DESCRIPTION OF THE TASK: Count every line below containing "reversepath"; state the number only.

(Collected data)
^^^^

(* Let $\alpha_1,\dots,\alpha_n$ be PL arcs in the plane with a common endpoint $z$ such that $\alpha_i\cap\alpha_j$ is connected for all $i,j$. Then $\bigcup_{i=1}^n\alpha_i$ is a tree.
   Context: A set $X\subset\mathbb{R}^2$ is a tree if it is connected, simply connected, and homeomorphic to a union of finitely many straight line segments. *)

theory Defs
  imports "HOL-Analysis.Analysis"
begin

fun polygonal_path :: "'a::real_normed_vector list \<Rightarrow> real \<Rightarrow> 'a" where
  "polygonal_path [] = linepath 0 0"
| "polygonal_path [a] = linepath a a"
| "polygonal_path [a, b] = linepath a b"
| "polygonal_path (a # b # c # xs) = linepath a b +++ polygonal_path (b # c # xs)"

definition pl_arc_path :: "(real \<Rightarrow> real^2) \<Rightarrow> bool" where
  "pl_arc_path g \<longleftrightarrow> arc g \<and> (\<exists>ps. length ps \<ge> 2 \<and> g = polygonal_path ps)"

definition pl_arc_with_endpoint :: "(real^2) set \<Rightarrow> real^2 \<Rightarrow> bool" where
  "pl_arc_with_endpoint A z \<longleftrightarrow>
     (\<exists>g. pl_arc_path g \<and> path_image g = A \<and> z \<in> {pathstart g, pathfinish g})"

definition is_tree :: "(real^2) set \<Rightarrow> bool" where
  "is_tree X \<longleftrightarrow> connected X \<and> simply_connected X \<and>
     (\<exists>F :: (real^2) set set. finite F \<and> (\<forall>s\<in>F. \<exists>a b. s = closed_segment a b) \<and> X homeomorphic \<Union>F)"

end

theory Submission
  imports Defs
begin

text \<open>Adding the arcs one at a time, each new arc meets the union \<open>Y\<close> of the previous
  ones (together with \<open>z\<close>) in an initial segment: the parameters mapped into any earlier arc
  form a connected set containing \<open>0\<close>. Sliding the remaining tail of the arc back along
  itself to the end of that segment deformation retracts the enlarged union onto \<open>Y\<close>, so
  simple connectivity is preserved. Being piecewise linear, the union is itself a finite
  union of segments.\<close>

lemma homotopy_eqv_Un_deformation_retract:
  fixes X A :: "'a::euclidean_space set"
  assumes "closed X" "closed A"
    and "continuous_on ({0..1::real} \<times> A) H"
    and imH: "\<And>t x. t \<in> {0..1} \<Longrightarrow> x \<in> A \<Longrightarrow> H (t, x) \<in> A"
    and H0: "\<And>x. x \<in> A \<Longrightarrow> H (0, x) = x"
    and H1: "\<And>x. x \<in> A \<Longrightarrow> H (1, x) \<in> X"
    and fixed: "\<And>t x. t \<in> {0..1} \<Longrightarrow> x \<in> A \<inter> X \<Longrightarrow> H (t, x) = x"
  shows "(X \<union> A) homotopy_eqv X"
proof -
  define K where "K = (\<lambda>p. if snd p \<in> X then snd p else H p)"
  have "continuous_on ({0..1} \<times> X \<union> {0..1} \<times> A) K"
    unfolding K_def
    using assms fixed by (intro continuous_on_cases closed_Times) (auto intro: continuous_intros)
  then have contK: "continuous_on ({0..1} \<times> (X \<union> A)) K"
    by (simp add: Sigma_Un_distrib2)
  have imK: "K ` ({0..1} \<times> (X \<union> A)) \<subseteq> X \<union> A"
    using imH by (auto simp: K_def)
  define r where "r = K \<circ> Pair 1"
  have "homotopic_with_canon (\<lambda>x. True) (X \<union> A) (X \<union> A) id r"
    using contK imK
    by (auto simp: homotopic_with continuous_map_subtopology_eu subtopology_Times[symmetric]
        K_def H0 imH r_def intro!: exI[of _ K])
  moreover have "retraction (X \<union> A) X r"
  proof -
    have "continuous_on (X \<union> A) r"
      unfolding r_def by (rule continuous_on_o_Pair[OF contK]) auto
    then show ?thesis
      using H1 by (auto simp: retraction_def r_def K_def)
  qed
  ultimately show ?thesis
    by (rule deformation_retract_imp_homotopy_eqv)
qed

lemma simply_connected_Un_arc_initial_segment:
  fixes a :: "real \<Rightarrow> 'a::euclidean_space"
  assumes "simply_connected X" "closed X" "arc a" "0 \<le> s" "s \<le> 1"
    and in_X_iff: "\<And>t. t \<in> {0..1} \<Longrightarrow> a t \<in> X \<longleftrightarrow> t \<le> s"
  shows "simply_connected (X \<union> path_image a)"
proof -
  obtain h where "homeomorphism {0..1} (path_image a) a h"
    using homeomorphism_arc \<open>arc a\<close> by blast
  then have h: "\<And>x. x \<in> path_image a \<Longrightarrow> h x \<in> {0..1} \<and> a (h x) = x"
    and cont_a: "continuous_on {0..1} a" and cont_h: "continuous_on (path_image a) h"
    by (auto simp: homeomorphism_def)
  define H where "H = (\<lambda>(t, x). a (h x - t * max 0 (h x - s)))"
  have param_in: "h x - t * max 0 (h x - s) \<in> {0..1}" if "t \<in> {0..1}" "x \<in> path_image a" for t x
  proof -
    have "0 \<le> t * max 0 (h x - s)" "t * max 0 (h x - s) \<le> max 0 (h x - s)"
      using that by (simp_all add: mult_left_le_one_le)
    moreover have "max 0 (h x - s) \<le> h x" "h x \<le> 1"
      using h[OF that(2)] \<open>0 \<le> s\<close> by auto
    ultimately show ?thesis
      by (simp only: atLeastAtMost_iff) linarith
  qed
  have "(X \<union> path_image a) homotopy_eqv X"
  proof (rule homotopy_eqv_Un_deformation_retract)
    show "closed (path_image a)"
      using \<open>arc a\<close> by (simp add: arc_imp_path closed_path_image)
    show "continuous_on ({0..1} \<times> path_image a) H"
      unfolding H_def case_prod_beta
      by (rule continuous_on_compose2[OF cont_a])
        (use param_in in \<open>auto intro!: continuous_intros continuous_on_compose2[OF cont_h]\<close>)
    show "H (t, x) \<in> path_image a" if "t \<in> {0..1}" "x \<in> path_image a" for t x
      using param_in[OF that] by (simp add: H_def path_image_def)
    show "H (0, x) = x" if "x \<in> path_image a" for x
      using h[OF that] by (simp add: H_def)
    show "H (1, x) \<in> X" if "x \<in> path_image a" for x
    proof -
      have "h x - max 0 (h x - s) = min (h x) s"
        by (auto simp: max_def min_def)
      then show ?thesis
        using h[OF that] \<open>0 \<le> s\<close> \<open>s \<le> 1\<close> in_X_iff[of "min (h x) s"] by (simp add: H_def)
    qed
    show "H (t, x) = x" if "x \<in> path_image a \<inter> X" for t x
      using h in_X_iff that by (force simp: H_def)
  qed (use \<open>closed X\<close> in auto)
  then show ?thesis
    using \<open>simply_connected X\<close> homotopy_eqv_simple_connectedness by blast
qed

lemma simply_connected_Un_arc:
  fixes a :: "real \<Rightarrow> 'a::euclidean_space"
  assumes "simply_connected X" "closed X" "arc a" "pathstart a \<in> X"
    and initial: "\<And>t u. t \<in> {0..1} \<Longrightarrow> a t \<in> X \<Longrightarrow> u \<in> {0..t} \<Longrightarrow> a u \<in> X"
  shows "simply_connected (X \<union> path_image a)"
proof -
  define S where "S = {0..1} \<inter> a -` X"
  have "closed S"
    unfolding S_def using \<open>arc a\<close> \<open>closed X\<close>
    by (intro continuous_closed_preimage) (auto simp: arc_def path_def)
  moreover have "bdd_above S" "0 \<in> S"
    using \<open>pathstart a \<in> X\<close> by (auto simp: S_def pathstart_def)
  ultimately have "Sup S \<in> S"
    by (auto intro: closed_contains_Sup)
  then have "0 \<le> Sup S" "Sup S \<le> 1"
    by (auto simp: S_def)
  moreover have "a t \<in> X \<longleftrightarrow> t \<le> Sup S" if "t \<in> {0..1}" for t
    using initial[of "Sup S" t] cSup_upper[OF _ \<open>bdd_above S\<close>, of t] \<open>Sup S \<in> S\<close> that
    by (auto simp: S_def)
  ultimately show ?thesis
    using simply_connected_Un_arc_initial_segment assms(1-3) by blast
qed

lemma arc_initial_segment_in:
  fixes a :: "real \<Rightarrow> 'a::euclidean_space"
  assumes "arc a" "pathstart a \<in> B" "connected (B \<inter> path_image a)"
    and "t \<in> {0..1}" "a t \<in> B" "u \<in> {0..t}"
  shows "a u \<in> B"
proof -
  obtain h where "homeomorphism {0..1} (path_image a) a h"
    using homeomorphism_arc \<open>arc a\<close> by blast
  then have h: "\<And>x. x \<in> path_image a \<Longrightarrow> h x \<in> {0..1} \<and> a (h x) = x"
    and a: "\<And>t. t \<in> {0..1} \<Longrightarrow> a t \<in> path_image a \<and> h (a t) = t"
    and cont_h: "continuous_on (path_image a) h"
    by (auto simp: homeomorphism_def)
  have "connected (h ` (B \<inter> path_image a))"
    using \<open>connected (B \<inter> path_image a)\<close>
    by (intro connected_continuous_image continuous_on_subset[OF cont_h]) auto
  moreover have "0 \<in> h ` (B \<inter> path_image a)"
    using a[of 0] assms(2) by (intro image_eqI[of _ h "a 0"]) (auto simp: pathstart_def)
  moreover have "t \<in> h ` (B \<inter> path_image a)"
    using a[of t] assms(4,5) by (intro image_eqI[of _ h "a t"]) auto
  ultimately have "u \<in> h ` (B \<inter> path_image a)"
    using \<open>u \<in> {0..t}\<close> by (auto simp: connected_iff_interval)
  then show ?thesis
    using h by auto
qed

text \<open>The common endpoint is added so that the empty family is a valid base case.\<close>

lemma simply_connected_Union_arcs:
  fixes z :: "'a::euclidean_space" and \<A> :: "'a set set"
  assumes "finite \<A>"
    and "\<And>A. A \<in> \<A> \<Longrightarrow> \<exists>a. arc a \<and> path_image a = A \<and> pathstart a = z"
    and "\<And>A B. A \<in> \<A> \<Longrightarrow> B \<in> \<A> \<Longrightarrow> connected (A \<inter> B)"
  shows "simply_connected (insert z (\<Union>\<A>))"
  using assms
proof (induction \<A> rule: finite_induct)
  case empty
  then show ?case
    by (simp add: convex_imp_simply_connected)
next
  case (insert A \<A>)
  define X where "X = insert z (\<Union>\<A>)"
  obtain a where a: "arc a" "path_image a = A" "pathstart a = z"
    using insert.prems(1)[of A] by auto
  have "closed B" if "B \<in> \<A>" for B
    using insert.prems(1)[of B] that by (auto intro: closed_path_image arc_imp_path)
  then have "closed X"
    unfolding X_def using insert.hyps(1) by (intro closed_insert closed_Union) auto
  have "{z} \<inter> path_image a = {z}"
    using a pathstart_in_path_image[of a] by blast
  then have "connected ({z} \<inter> path_image a)"
    by simp
  then have "a u \<in> {z}" if "t \<in> {0..1}" "a t \<in> {z}" "u \<in> {0..t}" for t u
    using arc_initial_segment_in[OF \<open>arc a\<close> _ _ that] a(3) by blast
  moreover have "a u \<in> B" if "B \<in> \<A>" "t \<in> {0..1}" "a t \<in> B" "u \<in> {0..t}" for B t u
  proof (rule arc_initial_segment_in[OF \<open>arc a\<close> _ _ that(2-4)])
    show "pathstart a \<in> B"
      using insert.prems(1)[of B] a(3) that(1) by (metis insertCI pathstart_in_path_image)
    show "connected (B \<inter> path_image a)"
      using insert.prems(2)[of B A] a(2) that(1) by simp
  qed
  ultimately have initial: "a u \<in> X" if "t \<in> {0..1}" "a t \<in> X" "u \<in> {0..t}" for t u
    using that unfolding X_def by blast
  moreover have "simply_connected X"
    unfolding X_def using insert.prems by (intro insert.IH) auto
  ultimately have "simply_connected (X \<union> path_image a)"
    using \<open>closed X\<close> a by (intro simply_connected_Un_arc) (auto simp: X_def)
  then show ?case
    by (simp add: X_def a(2) Un_commute)
qed

definition finite_segment_union :: "'a::real_vector set \<Rightarrow> bool" where
  "finite_segment_union X \<longleftrightarrow>
     (\<exists>F. finite F \<and> (\<forall>s\<in>F. \<exists>a b. s = closed_segment a b) \<and> X = \<Union>F)"

lemma finite_segment_union_Union:
  assumes "finite \<X>" "\<And>X. X \<in> \<X> \<Longrightarrow> finite_segment_union X"
  shows "finite_segment_union (\<Union>\<X>)"
proof -
  have "\<forall>X\<in>\<X>. \<exists>F. finite F \<and> (\<forall>s\<in>F. \<exists>a b. s = closed_segment a b) \<and> \<Union>F = X"
    using assms(2) unfolding finite_segment_union_def by blast
  then obtain F where F: "\<forall>X\<in>\<X>. finite (F X) \<and> (\<forall>s\<in>F X. \<exists>a b. s = closed_segment a b) \<and> \<Union>(F X) = X"
    by (auto dest!: bchoice)
  have "\<Union>(\<Union>(F ` \<X>)) = (\<Union>X\<in>\<X>. \<Union>(F X))"
    by blast
  also have "\<dots> = \<Union>\<X>"
    using F by simp
  finally show ?thesis
    unfolding finite_segment_union_def using assms(1) F
    by (intro exI[of _ "\<Union>(F ` \<X>)"]) blast
qed

lemma finite_segment_union_closed_segment: "finite_segment_union (closed_segment a b)"
  unfolding finite_segment_union_def by (intro exI[of _ "{closed_segment a b}"]) blast

lemma pathstart_polygonal_path: "ps \<noteq> [] \<Longrightarrow> pathstart (polygonal_path ps) = hd ps"
  by (induction ps rule: polygonal_path.induct) (auto simp: pathstart_join)

lemma finite_segment_union_polygonal_path:
  "finite_segment_union (path_image (polygonal_path ps))"
proof (induction ps rule: polygonal_path.induct)
  case (4 a b c xs)
  have "path_image (polygonal_path (a # b # c # xs)) =
      \<Union>{closed_segment a b, path_image (polygonal_path (b # c # xs))}"
    using pathstart_polygonal_path[of "b # c # xs"] by (simp add: path_image_join)
  also have "finite_segment_union \<dots>"
    using 4 finite_segment_union_closed_segment by (intro finite_segment_union_Union) auto
  finally show ?case .
qed (simp_all only: polygonal_path.simps path_image_linepath finite_segment_union_closed_segment)

lemma pl_arc_with_endpoint_obtains_arc:
  assumes "pl_arc_with_endpoint A z"
  obtains a where "arc a" "path_image a = A" "pathstart a = z"
proof -
  obtain g where g: "arc g" "path_image g = A" "z \<in> {pathstart g, pathfinish g}"
    using assms unfolding pl_arc_with_endpoint_def pl_arc_path_def by blast
  show ?thesis
  proof (cases "z = pathstart g")
    case True
    then show ?thesis
      using g that by blast
  next
    case False
    then have "z = pathstart (reversepath g)"
      using g by auto
    then show ?thesis
      using g that[of "reversepath g"] by (simp add: arc_reversepath path_image_reversepath)
  qed
qed

lemma finite_segment_union_pl_arc:
  "pl_arc_with_endpoint A z \<Longrightarrow> finite_segment_union A"
  unfolding pl_arc_with_endpoint_def pl_arc_path_def
  using finite_segment_union_polygonal_path by blast

lemma is_tree_Union_pl_arcs:
  fixes \<A> :: "(real^2) set set"
  assumes "finite \<A>" and pl: "\<And>A. A \<in> \<A> \<Longrightarrow> pl_arc_with_endpoint A z"
    and "\<And>A B. A \<in> \<A> \<Longrightarrow> B \<in> \<A> \<Longrightarrow> connected (A \<inter> B)"
  shows "is_tree (\<Union>\<A>)"
proof (cases "\<A> = {}")
  case False
  have arcs: "\<exists>a. arc a \<and> path_image a = A \<and> pathstart a = z" if "A \<in> \<A>" for A
    using pl_arc_with_endpoint_obtains_arc[OF pl[OF that]] by metis
  then have z_in: "z \<in> A" if "A \<in> \<A>" for A
    using that by (metis pathstart_in_path_image)
  have "simply_connected (insert z (\<Union>\<A>))"
    using assms(1) arcs assms(3) by (rule simply_connected_Union_arcs)
  moreover have "insert z (\<Union>\<A>) = \<Union>\<A>"
    using False z_in by blast
  moreover have "connected (\<Union>\<A>)"
  proof (rule connected_Union)
    show "connected A" if "A \<in> \<A>" for A
      using arcs[OF that] by (metis arc_imp_path path_connected_imp_connected path_connected_path_image)
    show "\<Inter>\<A> \<noteq> {}"
      using False z_in by blast
  qed
  moreover have "finite_segment_union (\<Union>\<A>)"
    using assms(1) by (rule finite_segment_union_Union) (use pl finite_segment_union_pl_arc in blast)
  then obtain F where "finite F" "\<forall>s\<in>F. \<exists>a b. s = closed_segment a b" "\<Union>\<A> = \<Union>F"
    unfolding finite_segment_union_def by blast
  ultimately show ?thesis
    unfolding is_tree_def by (auto intro!: exI[of _ F] homeomorphic_refl)
qed (auto simp: is_tree_def intro!: exI[of _ "{}"])

theorem mainTheorem8:
  fixes \<alpha> :: "nat \<Rightarrow> (real^2) set" and z :: "real^2" and n :: nat
  assumes "\<And>i. i \<in> {1..n} \<Longrightarrow> pl_arc_with_endpoint (\<alpha> i) z"
    and "\<And>i j. i \<in> {1..n} \<Longrightarrow> j \<in> {1..n} \<Longrightarrow> connected (\<alpha> i \<inter> \<alpha> j)"
  shows "is_tree (\<Union>i\<in>{1..n}. \<alpha> i)"
  using assms by (intro is_tree_Union_pl_arcs[where z = z]) auto

end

^^^^

WRITTEN REPLY: 2